Предоставленная самой себе, Елена поняла, как ей не хватает Пантина, ехидных, но в сути своей доброжелательных замечаний колдуна, его точного знания, какие упражнения именно сегодня окажутся для ученицы наиболее полезны. Оставалось утешаться тем, что багаж теории с практикой достаточен для самостоятельного развития. Впору было и в самом деле ощутить себя Избранной — ну, действительно, какая вероятность того, что рядовая женщина сначала заведет знакомство с одним из величайших бретеров, а затем последовательно будет учиться у двух великих мастеров? Никакой.
Воистину причудливы тропы везения…
Она отложила меч, тот, новый, что был презентован Пантином через Раньяна перед поединком. Клинок вытащили из покойника, тщательно вычистили, а потом доставили в дом «шампьона». Заодно королевские оружейники сделали новый кинжал — точное подобие оригинала. Старый же укоротили (ломаный клинок сращивать смысла не было), превратив его в «засапожник» без гарды. Сделали это совершенно бесплатно, как знак уважения мастеров к отмеченному Пантократором воину, пусть и женщине в штанах. Так что по итогу поединка Елена оказалась обладателем крошечного, однако, настоящего арсенала с оружием на разные случаи жизни.
В иных условиях Хель стала бы знаменитостью, по крайней мере, в пределах столицы, то есть, считай, всей округи. Чемпион Господа, да еще и женщина, которая перебила одного за другим четверых опытных, боевитых злодеев... На нее благосклонно смотрела бы аристократия, памятуя о вердикте Алонсо Кеханы насчет образцового поведения слуги после гибели достойного господина. С ней искали бы встречи, добивались внимания и благосклонности, приглашали на свидания и так далее. Ее наверняка удостоили бы личного знакомства буйные графы и, вероятно, позвали бы ко двору тетрарха, пусть даже как забавную диковинку. Учитывая, что Хель наглядно показала способность резать, как скотину, любого потенциального грабителя или насильника, ей пришлось бы выбирать из целого веера приглашений стать высокооплачиваемой компаньонкой.

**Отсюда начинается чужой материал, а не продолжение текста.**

lemma lambda_max_pos:
  fixes K :: "real^'n^'n"
  assumes "transpose K = K" and posdef: "\<forall>x. x \<noteq> 0 \<longrightarrow> x \<bullet> (K *v x) > 0"
  shows "0 < lambda_max K"
proof -
  obtain v where "v \<noteq> 0" and "K *v v = lambda_max K *\<^sub>R v"
    using lambda_max_in_eigenvalues[OF assms(1)] by (auto simp: matrix_eigenvalues_def)
  then have "0 < lambda_max K * (v \<bullet> v)" using posdef by fastforce
  then show ?thesis using inner_ge_zero[of v] by (auto simp: zero_less_mult_iff)
qed

section \<open>Coordinates controlled by the quadratic form\<close>

lemma matrix_inv_right_posdef:
  fixes K :: "real^'n^'n"
  assumes posdef: "\<forall>x. x \<noteq> 0 \<longrightarrow> x \<bullet> (K *v x) > 0"
  shows "K ** matrix_inv K = mat 1"
proof -
  have "\<forall>x. K *v x = 0 \<longrightarrow> x = 0" using posdef by (metis inner_zero_right less_irrefl)
  then have "invertible K"
    using matrix_left_invertible_ker invertible_left_inverse by blast
  then have "K ** matrix_inv K = mat 1 \<and> matrix_inv K ** K = mat 1"
    unfolding invertible_def matrix_inv_def by (rule someI_ex)
  then show ?thesis by simp
qed

lemma quadform_matrix_inv_axis:
  fixes K :: "real^'n^'n"
  assumes posdef: "\<forall>x. x \<noteq> 0 \<longrightarrow> x \<bullet> (K *v x) > 0"
  shows "K *v (matrix_inv K *v axis j 1) = axis j 1"
    and "(matrix_inv K *v axis j 1) \<bullet> (K *v (matrix_inv K *v axis j 1)) = matrix_inv K $ j $ j"
proof -
  show Kv: "K *v (matrix_inv K *v axis j 1) = axis j 1"
    by (simp add: matrix_vector_mul_assoc matrix_inv_right_posdef[OF posdef])
  show "(matrix_inv K *v axis j 1) \<bullet> (K *v (matrix_inv K *v axis j 1)) = matrix_inv K $ j $ j"
    unfolding Kv by (simp add: inner_axis matrix_vector_mult_basis column_def)
qed

lemma matrix_inv_diag_pos:
  fixes K :: "real^'n^'n"
  assumes posdef: "\<forall>x. x \<noteq> 0 \<longrightarrow> x \<bullet> (K *v x) > 0"
  shows "0 < matrix_inv K $ j $ j"
proof -
  have "matrix_inv K *v axis j 1 \<noteq> 0"
    using quadform_matrix_inv_axis(1)[OF posdef, of j]
    by (metis axis_eq_0_iff matrix_vector_mult_0_right zero_neq_one)
  then show ?thesis using posdef quadform_matrix_inv_axis(2)[OF posdef] by metis
qed

text \<open>With \<open>v = K\<inverse> e\<^sub>j\<close> one has \<open>x\<^sub>j = v \<bullet> K x\<close> and \<open>v \<bullet> K v = (K\<inverse>)\<^sub>j\<^sub>j\<close>, so this is the
  Cauchy--Schwarz inequality for the form of \<open>K\<close>.\<close>

lemma component_sq_le_matrix_inv_diag:
  fixes K :: "real^'n^'n"
  assumes sym: "transpose K = K" and posdef: "\<forall>x. x \<noteq> 0 \<longrightarrow> x \<bullet> (K *v x) > 0"
  shows "(x $ j)\<^sup>2 \<le> matrix_inv K $ j $ j * (x \<bullet> (K *v x))"
proof -
  define v where "v = matrix_inv K *v axis j 1"
  have "x $ j = x \<bullet> (K *v v)"
    using quadform_matrix_inv_axis(1)[OF posdef] by (simp add: v_def inner_axis)
  also have "\<dots> = v \<bullet> (K *v x)" by (rule inner_matrix_vector_symmetric[OF sym])
  finally show ?thesis
    using quadform_Cauchy_Schwarz[OF sym posdef_imp_psd[OF posdef], of v x]
      quadform_matrix_inv_axis(2)[OF posdef]
    by (simp add: v_def)
qed

text \<open>The constants \<open>L\<close> and \<open>\<alpha>\<^sub>* = w\<^sub>* / L\<close> of the statement.\<close>

definition sqrt_max_inv_diag :: "real^'n^'n \<Rightarrow> real" where
  "sqrt_max_inv_diag K = sqrt (Max (range (\<lambda>i. matrix_inv K $ i $ i)))"

definition descent_rate :: "real^'n^'n \<Rightarrow> real^'n \<Rightarrow> real" where
  "descent_rate K p = Min (range (\<lambda>i. p $ i)) / sqrt_max_inv_diag K"

lemma sqrt_max_inv_diag_pos:
  fixes K :: "real^'n^'n"
  assumes posdef: "\<forall>x. x \<noteq> 0 \<longrightarrow> x \<bullet> (K *v x) > 0"
  shows "0 < sqrt_max_inv_diag K"
proof -
  have "matrix_inv K $ j $ j \<le> Max (range (\<lambda>i. matrix_inv K $ i $ i))" for j
    by (rule Max_ge) auto
  then have "0 < Max (range (\<lambda>i. matrix_inv K $ i $ i))"
    using matrix_inv_diag_pos[OF posdef] by (meson less_le_trans)
  then show ?thesis by (simp add: sqrt_max_inv_diag_def)
qed

lemma abs_component_le_sqrt_quadform:
  fixes K :: "real^'n^'n"
  assumes sym: "transpose K = K" and posdef: "\<forall>x. x \<noteq> 0 \<longrightarrow> x \<bullet> (K *v x) > 0"
  shows "\<bar>x $ j\<bar> \<le> sqrt_max_inv_diag K * sqrt (x \<bullet> (K *v x))"
proof -
  have "0 \<le> x \<bullet> (K *v x)" by (rule posdef_imp_psd[OF posdef])
  moreover have "matrix_inv K $ j $ j \<le> Max (range (\<lambda>i. matrix_inv K $ i $ i))"
    by (rule Max_ge) auto
  ultimately have "(x $ j)\<^sup>2 \<le> Max (range (\<lambda>i. matrix_inv K $ i $ i)) * (x \<bullet> (K *v x))"
    using component_sq_le_matrix_inv_diag[OF sym posdef, of x j]
    by (meson mult_right_mono order_trans)
  then have "sqrt ((x $ j)\<^sup>2) \<le> sqrt (Max (range (\<lambda>i. matrix_inv K $ i $ i)) * (x \<bullet> (K *v x)))"
    by (rule real_sqrt_le_mono)
  then show ?thesis by (simp add: sqrt_max_inv_diag_def real_sqrt_mult)
qed

lemma simplex_P_component_bounds:
  assumes "x \<in> simplex_P"
  shows "0 \<le> x $ i" and "x $ i \<le> 1"
proof -
  show "0 \<le> x $ i" using assms by (simp add: simplex_P_def)
  have "x $ i \<le> sum (\<lambda>j. x $ j) UNIV"
    by (rule member_le_sum) (use assms in \<open>auto simp: simplex_P_def\<close>)
  then show "x $ i \<le> 1" using assms by (simp add: simplex_P_def)
qed

lemma axis_in_simplex_P: "axis i (1::real) \<in> simplex_P"
  by (simp add: simplex_P_def axis_def)

lemma simplex_P_segment:
  assumes "x \<in> simplex_P" "y \<in> simplex_P" "0 \<le> t" "t \<le> 1"
  shows "x + t *\<^sub>R (y - x) \<in> simplex_P"
proof -
  have comp: "(x + t *\<^sub>R (y - x)) $ j = (1 - t) * x $ j + t * y $ j" for j
    by (simp add: algebra_simps)
  have "0 \<le> (x + t *\<^sub>R (y - x)) $ j" for j
    unfolding comp
    using assms simplex_P_component_bounds(1)[of x j] simplex_P_component_bounds(1)[of y j]
    by simp
  moreover have "(\<Sum>j\<in>UNIV. (x + t *\<^sub>R (y - x)) $ j) = 1"
    using assms(1,2) unfolding comp
    by (simp add: sum.distrib sum_distrib_left[symmetric] simplex_P_def)
  ultimately show ?thesis by (simp add: simplex_P_def)
qed

lemma sum_scaled_simplex_P_diff:
  assumes "x \<in> simplex_P" "y \<in> simplex_P"
  shows "(\<Sum>j\<in>UNIV. (c *\<^sub>R (x - y)) $ j) = 0"
  using assms by (simp add: sum_distrib_left[symmetric] sum_subtractf simplex_P_def)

В общем, Хель была обречена вызвать живой интерес во всех мыслимых видах и, при желании, устроила бы свою жизнь на долгие годы вперед.
Однако…
Однако вмешались судьба и королевская воля. Спустя неделю после Суда, когда Елена пережила кризис и пошла на поправку, а слухи поднялись до высшей точки накала, когда мещанки оббегали весь Пайт в поисках «платьев как у рыжей на балу», а бродячие проповедники стерли языки, обличая «баб в мужеском платье» — вышел приказ городской коммуны насчет экономии продовольствия и очищения Пайт-Сокхайлхейя от нищих. В тот же день сам король-тетрарх одобрил и удостоил собственной печати «общеобязательный фуэр», превратив его этим действием в полноправный указ-эдикт.
Согласно эдикту в первый день осени (и далее, пока все «очаги» не дадут полный отчет мытарям, но до истечения месяца) каждая семья обязывалась доказать, что имеет недвижимое имущество или постоянную работу. В крайнем случае — денежные сбережения или запас продовольствия, достаточные для жизни в течение четырех месяцев сообразно обычаям сословия. Все, кто не соответствовал указанному цензу, должны были до последнего дня первого осеннего месяца выправить положение или покинуть город. Все артельщики, а также иные сезонные работники обязывались получить грамоту от господина, который гарантировал, что данный имярек не бродяга, имеет семью и дом, куда может вернуться и обязательно вернется по истечении оговоренного срока. Нарушителям обещались всевозможные кары, включая продажу на галеры островного флота — участь страшнее каторжной.